## Supplied material

(* Let $p>1$ and let $A$ be a real $r$-matrix of order $n_1\times\cdots\times n_r$. Then: (a) $\eta^{(p)}(\mathrm{sym}(A))\leq \dfrac{r!}{r^{r/p}}\|A\|_p$; (b) if $A$ is nonnegative, then $\eta^{(p)}(\mathrm{sym}(A))=\dfrac{r!}{r^{r/p}}\|A\|_p$.
   Context: An $r$-matrix of order $n_1\times\cdots\times n_r$ is a function on $[n_1]\times\cdots\times[n_r]$ with values $a_{i_1,\ldots,i_r}$. Symmetrant: let $n=n_1+\cdots+n_r$, partition $[n]$ into consecutive intervals $N_1,\ldots,N_r$ with $|N_k|=n_k$; for $j\in[n]$ let $\sigma(j)$ be the $k$ with $j\in N_k$ and $\theta(j)$ the position of $j$ within $N_{\sigma(j)}$ (in increasing order). Then $\mathrm{sym}(A)$ is the cubical $r$-matrix $B$ of order $n$ with $b_{j_1,\ldots,j_r}=0$ if $\sigma(j_1),\ldots,\sigma(j_r)$ are not all distinct, and otherwise $b_{j_1,\ldots,j_r}=a_{i_1,\ldots,i_r}$ where $i_{\sigma(j_s)}=\theta(j_s)$ for all $s\in[r]$. For a real symmetric cubical $B$ of order $n$, $P_B(\mathbf{x})=\sum b_{j_1,\ldots,j_r}x_{j_1}\cdots x_{j_r}$ and $\eta^{(p)}(B)=\max\{|P_B(\mathbf{x})|:\mathbf{x}\in\mathbb{R}^n,|\mathbf{x}|_p=1\}$. The spectral $p$-norm is $\|A\|_p=\max\{|\sum a_{i_1,\ldots,i_r}\overline{x^{(1)}_{i_1}}\cdots\overline{x^{(r)}_{i_r}}|:\mathbf{x}^{(k)}\in\mathbb{C}^{n_k},\ |\mathbf{x}^{(k)}|_p=1\ \forall k\}$. *)

theory Defs
  imports "HOL-Analysis.Analysis"
begin

text \<open>Conventions: indices are 0-based. An r-matrix of order n_1 x ... x n_r is a
function A on index tuples i (functions nat => nat), where only tuples in
PiE {..<r} (\<lambda>k. {..<n k}) matter; the orders are n 0, ..., n (r-1).\<close>

definition idx :: "nat \<Rightarrow> (nat \<Rightarrow> nat) \<Rightarrow> (nat \<Rightarrow> nat) set" where
  "idx r n = PiE {..<r} (\<lambda>k. {..<n k})"

definition pnorm :: "real \<Rightarrow> nat \<Rightarrow> (nat \<Rightarrow> 'a::real_normed_vector) \<Rightarrow> real" where
  "pnorm p m x = (\<Sum>i<m. norm (x i) powr p) powr (1 / p)"

definition offs :: "(nat \<Rightarrow> nat) \<Rightarrow> nat \<Rightarrow> nat" where
  "offs n k = (\<Sum>l<k. n l)"

definition sig :: "nat \<Rightarrow> (nat \<Rightarrow> nat) \<Rightarrow> nat \<Rightarrow> nat" where
  "sig r n j = (THE k. k < r \<and> offs n k \<le> j \<and> j < offs n k + n k)"

definition theta :: "nat \<Rightarrow> (nat \<Rightarrow> nat) \<Rightarrow> nat \<Rightarrow> nat" where
  "theta r n j = j - offs n (sig r n j)"

definition symm :: "nat \<Rightarrow> (nat \<Rightarrow> nat) \<Rightarrow> ((nat \<Rightarrow> nat) \<Rightarrow> real) \<Rightarrow> (nat \<Rightarrow> nat) \<Rightarrow> real" where
  "symm r n A j =
     (if inj_on (\<lambda>s. sig r n (j s)) {..<r}
      then A (\<lambda>k\<in>{..<r}. theta r n (j (THE s. s < r \<and> sig r n (j s) = k)))
      else 0)"

definition formP :: "nat \<Rightarrow> nat \<Rightarrow> ((nat \<Rightarrow> nat) \<Rightarrow> real) \<Rightarrow> (nat \<Rightarrow> real) \<Rightarrow> real" where
  "formP r N B x = (\<Sum>j\<in>idx r (\<lambda>_. N). B j * (\<Prod>s<r. x (j s)))"

definition eta :: "real \<Rightarrow> nat \<Rightarrow> nat \<Rightarrow> ((nat \<Rightarrow> nat) \<Rightarrow> real) \<Rightarrow> real" where
  "eta p r N B = Sup {\<bar>formP r N B x\<bar> | x. pnorm p N x = 1}"

definition spnorm :: "real \<Rightarrow> nat \<Rightarrow> (nat \<Rightarrow> nat) \<Rightarrow> ((nat \<Rightarrow> nat) \<Rightarrow> real) \<Rightarrow> real" where
  "spnorm p r n A = Sup {cmod (\<Sum>i\<in>idx r n. complex_of_real (A i) * (\<Prod>k<r. cnj (xs k (i k))))
                        | xs :: nat \<Rightarrow> nat \<Rightarrow> complex. \<forall>k<r. pnorm p (n k) (xs k) = 1}"

end

theory Submission
  imports Defs
begin

text \<open>
  Split a vector x of length n_1 + ... + n_r into its blocks x^(1), ..., x^(r). Every nonzero
  entry of sym(A) sits at a tuple (offs(\<pi> s) + i(\<pi> s))_s for a unique permutation \<pi> and index
  tuple i, and equals a_i; hence P_sym(A)(x) = r! A(x^(1), ..., x^(r)) for the multilinear form
  of A. By homogeneity |A(x^(1), ..., x^(r))| \<le> |x^(1)|_p \<cdots> |x^(r)|_p \<parallel>A\<parallel>_p, and since the
  p-th powers of the block norms sum to 1, AM-GM bounds their product by r^(-r/p). Conversely,
  for nonnegative A and unit complex vectors x^(k), the real unit vector whose k-th block is
  r^(-1/p) |x^(k)| gives, by the triangle inequality, P_sym(A) \<ge> r! r^(-r/p) |A(x^(1), ..., x^(r))|.
\<close>

lemma offs_add_le:
  assumes "k < k'"
  shows "offs n k + n k \<le> offs n k'"
proof -
  have "offs n k + n k = (\<Sum>l<Suc k. n l)" by (simp add: offs_def)
  also have "\<dots> \<le> (\<Sum>l<k'. n l)" using assms by (intro sum_mono2) auto
  finally show ?thesis by (simp add: offs_def)
qed

lemma offs_block_unique:
  assumes "offs n k \<le> j" "j < offs n k + n k" "offs n k' \<le> j" "j < offs n k' + n k'"
  shows "k = k'"
  using offs_add_le[of k k' n] offs_add_le[of k' k n] assms by (cases k k' rule: linorder_cases) auto

lemma offs_block_exists: "j < offs n r \<Longrightarrow> \<exists>k<r. offs n k \<le> j \<and> j < offs n k + n k"
proof (induction r)
  case 0
  then show ?case by (simp add: offs_def)
next
  case (Suc r)
  show ?case
  proof (cases "j < offs n r")
    case True
    then show ?thesis using Suc.IH by (meson less_Suc_eq)
  next
    case False
    then show ?thesis using Suc.prems by (auto simp: offs_def intro!: exI[of _ r])
  qed
qed

lemma sig_block_bounds:
  assumes "j < offs n r"
  shows "sig r n j < r" "offs n (sig r n j) \<le> j" "j < offs n (sig r n j) + n (sig r n j)"
proof -
  have "\<exists>!k. k < r \<and> offs n k \<le> j \<and> j < offs n k + n k"
    using offs_block_exists[OF assms] offs_block_unique by blast
  from theI'[OF this] show "sig r n j < r" "offs n (sig r n j) \<le> j" "j < offs n (sig r n j) + n (sig r n j)"
    unfolding sig_def by auto
qed

lemma sig_block: "k < r \<Longrightarrow> i < n k \<Longrightarrow> sig r n (offs n k + i) = k"
  unfolding sig_def by (rule the_equality) (auto intro: offs_block_unique)

lemma theta_block: "k < r \<Longrightarrow> i < n k \<Longrightarrow> theta r n (offs n k + i) = i"
  by (simp add: theta_def sig_block)

lemma offs_block_less: "k < r \<Longrightarrow> i < n k \<Longrightarrow> offs n k + i < offs n r"
  using offs_add_le[of k r n] by linarith

lemma sum_blocks: "(\<Sum>m<offs n r. f m) = (\<Sum>k<r. \<Sum>i<n k. f (offs n k + i))"
proof (induction r)
  case 0
  then show ?case by (simp add: offs_def)
next
  case (Suc r)
  have split: "(\<Sum>m<a + b. f m) = (\<Sum>m<a. f m) + (\<Sum>i<b. f (a + i))" for a b :: nat
    by (induction b) (auto simp: add.assoc)
  have "offs n (Suc r) = offs n r + n r" by (simp add: offs_def)
  then show ?case using Suc by (simp add: split)
qed

definition blocks :: "(nat \<Rightarrow> nat) \<Rightarrow> (nat \<Rightarrow> 'a) \<Rightarrow> nat \<Rightarrow> nat \<Rightarrow> 'a" where
  "blocks n x k i = x (offs n k + i)"

lemma ex_blocks_eq: "\<exists>x. \<forall>k<r. \<forall>i<n k. blocks n x k i = z k i"
  by (auto simp: blocks_def sig_block theta_block intro!: exI[of _ "\<lambda>m. z (sig r n m) (theta r n m)"])

lemma pnorm_nonneg: "pnorm p m x \<ge> 0"
  by (simp add: pnorm_def)

lemma pnorm_powr: "p > 0 \<Longrightarrow> pnorm p m x powr p = (\<Sum>i<m. norm (x i) powr p)"
  by (simp add: pnorm_def powr_powr sum_nonneg)

lemma pnorm_eq_1_iff: "p > 0 \<Longrightarrow> pnorm p m x = 1 \<longleftrightarrow> (\<Sum>i<m. norm (x i) powr p) = 1"
  by (metis pnorm_powr pnorm_def powr_one_eq_one)

lemma pnorm_eq_0_iff: "p > 0 \<Longrightarrow> pnorm p m x = 0 \<longleftrightarrow> (\<forall>i<m. x i = 0)"
  by (auto simp: pnorm_def sum_nonneg_eq_0_iff)

lemma norm_le_1_if_pnorm_eq_1:
  assumes "p > 0" "pnorm p m x = 1" "i < m"
  shows "norm (x i) \<le> 1"
proof -
  have "norm (x i) powr p \<le> (\<Sum>i<m. norm (x i) powr p)"
    using assms(3) by (intro member_le_sum) auto
  also have "\<dots> = 1" using assms(1,2) pnorm_eq_1_iff by blast
  finally have "norm (x i) powr p \<le> 1 powr p" by simp
  then show ?thesis using assms(1) by (meson norm_ge_zero not_le powr_less_mono2 zero_le_one)
qed

lemma pnorm_cong: "(\<And>i. i < m \<Longrightarrow> norm (x i) = norm (y i)) \<Longrightarrow> pnorm p m x = pnorm p m y"
  by (simp add: pnorm_def)

lemma pnorm_scaleR: "p > 0 \<Longrightarrow> pnorm p m (\<lambda>i. c *\<^sub>R x i) = \<bar>c\<bar> * pnorm p m x"
  by (simp add: pnorm_def powr_mult sum_distrib_left[symmetric] powr_powr sum_nonneg)

lemma pnorm_unit_vector:
  assumes "m \<ge> 1"
  shows "pnorm p m (\<lambda>i. if i = 0 then 1 else 0 :: 'a::real_normed_algebra_1) = 1"
proof -
  have "(\<Sum>i<m. norm (if i = 0 then 1 else 0 :: 'a) powr p) = (\<Sum>i<m. if i = 0 then 1 else 0)"
    by (intro sum.cong) auto
  then show ?thesis using assms by (simp add: pnorm_def)
qed

lemma pnorm_blocks:
  "p > 0 \<Longrightarrow> pnorm p (offs n r) x powr p = (\<Sum>k<r. pnorm p (n k) (blocks n x k) powr p)"
  by (simp add: pnorm_powr sum_blocks blocks_def)

definition mform :: "nat \<Rightarrow> (nat \<Rightarrow> nat) \<Rightarrow> ((nat \<Rightarrow> nat) \<Rightarrow> 'a::comm_semiring_1) \<Rightarrow> (nat \<Rightarrow> nat \<Rightarrow> 'a) \<Rightarrow> 'a"
  where "mform r n A xs = (\<Sum>i\<in>idx r n. A i * (\<Prod>k<r. xs k (i k)))"

lemma finite_idx: "finite (idx r n)"
  by (simp add: idx_def finite_PiE)

lemma idx_less: "i \<in> idx r n \<Longrightarrow> k < r \<Longrightarrow> i k < n k"
  by (auto simp: idx_def PiE_iff)

lemma formP_eq_mform: "formP r N B x = mform r (\<lambda>_. N) B (\<lambda>_. x)"
  by (simp add: formP_def mform_def)

lemma spnorm_eq_Sup_mform:
  "spnorm p r n A = Sup {cmod (mform r n (\<lambda>i. complex_of_real (A i)) (\<lambda>k i. cnj (xs k i)))
                        | xs. \<forall>k<r. pnorm p (n k) (xs k) = 1}"
  by (simp add: spnorm_def mform_def)

lemma mform_cong:
  "(\<And>k i. k < r \<Longrightarrow> i < n k \<Longrightarrow> xs k i = ys k i) \<Longrightarrow> mform r n A xs = mform r n A ys"
  unfolding mform_def by (intro sum.cong refl arg_cong2[where f = "(*)"] prod.cong) (auto dest: idx_less)

lemma mform_scale: "mform r n A (\<lambda>k i. c k * xs k i) = (\<Prod>k<r. c k) * mform r n A xs"
  by (simp add: mform_def prod.distrib sum_distrib_left ac_simps)

lemma mform_of_real:
  "mform r n (\<lambda>i. of_real (A i)) (\<lambda>k i. of_real (xs k i)) = (of_real (mform r n A xs) :: 'a::{real_algebra_1,comm_semiring_1})"
  by (simp add: mform_def)

lemma norm_mform_le:
  fixes A :: "(nat \<Rightarrow> nat) \<Rightarrow> 'a::{real_normed_field}"
  assumes "\<And>k i. k < r \<Longrightarrow> i < n k \<Longrightarrow> norm (xs k i) \<le> 1"
  shows "norm (mform r n A xs) \<le> (\<Sum>i\<in>idx r n. norm (A i))"
  unfolding mform_def
proof (rule order_trans[OF norm_sum sum_mono])
  fix i assume i: "i \<in> idx r n"
  have "norm (\<Prod>k<r. xs k (i k)) \<le> 1"
    using assms[OF _ idx_less[OF i]] by (auto simp: prod_norm[symmetric] intro!: prod_le_1)
  then show "norm (A i * (\<Prod>k<r. xs k (i k))) \<le> norm (A i)"
    by (simp add: norm_mult mult_left_le)
qed

text \<open>The position in sym(A) at which the entry a_i reappears after permuting the blocks by \<pi>.\<close>

definition block_tuple :: "nat \<Rightarrow> (nat \<Rightarrow> nat) \<Rightarrow> (nat \<Rightarrow> nat) \<Rightarrow> (nat \<Rightarrow> nat) \<Rightarrow> nat \<Rightarrow> nat" where
  "block_tuple r n \<pi> i = (\<lambda>s\<in>{..<r}. offs n (\<pi> s) + i (\<pi> s))"

lemma block_tuple_idx:
  assumes "\<pi> permutes {..<r}" "i \<in> idx r n"
  shows "block_tuple r n \<pi> i \<in> idx r (\<lambda>_. offs n r)"
  using offs_block_less idx_less[OF assms(2)] permutes_in_image[OF assms(1)]
  by (auto simp: block_tuple_def idx_def)

lemma
  assumes "\<pi> permutes {..<r}" "i \<in> idx r n" "s < r"
  shows sig_block_tuple: "sig r n (block_tuple r n \<pi> i s) = \<pi> s"
    and theta_block_tuple: "theta r n (block_tuple r n \<pi> i s) = i (\<pi> s)"
proof -
  have "\<pi> s < r" using permutes_in_image[OF assms(1)] assms(3) by auto
  with idx_less[OF assms(2) this] assms(3)
  show "sig r n (block_tuple r n \<pi> i s) = \<pi> s" "theta r n (block_tuple r n \<pi> i s) = i (\<pi> s)"
    by (simp_all add: block_tuple_def sig_block theta_block)
qed

lemma inj_on_sig_block_tuple:
  assumes "\<pi> permutes {..<r}" "i \<in> idx r n"
  shows "inj_on (\<lambda>s. sig r n (block_tuple r n \<pi> i s)) {..<r}"
  using permutes_inj_on[OF assms(1)] by (simp add: inj_on_def sig_block_tuple[OF assms])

## Your objective
The answer must be one number: how many lines in the records above contain "this".

## Output of the exercise
2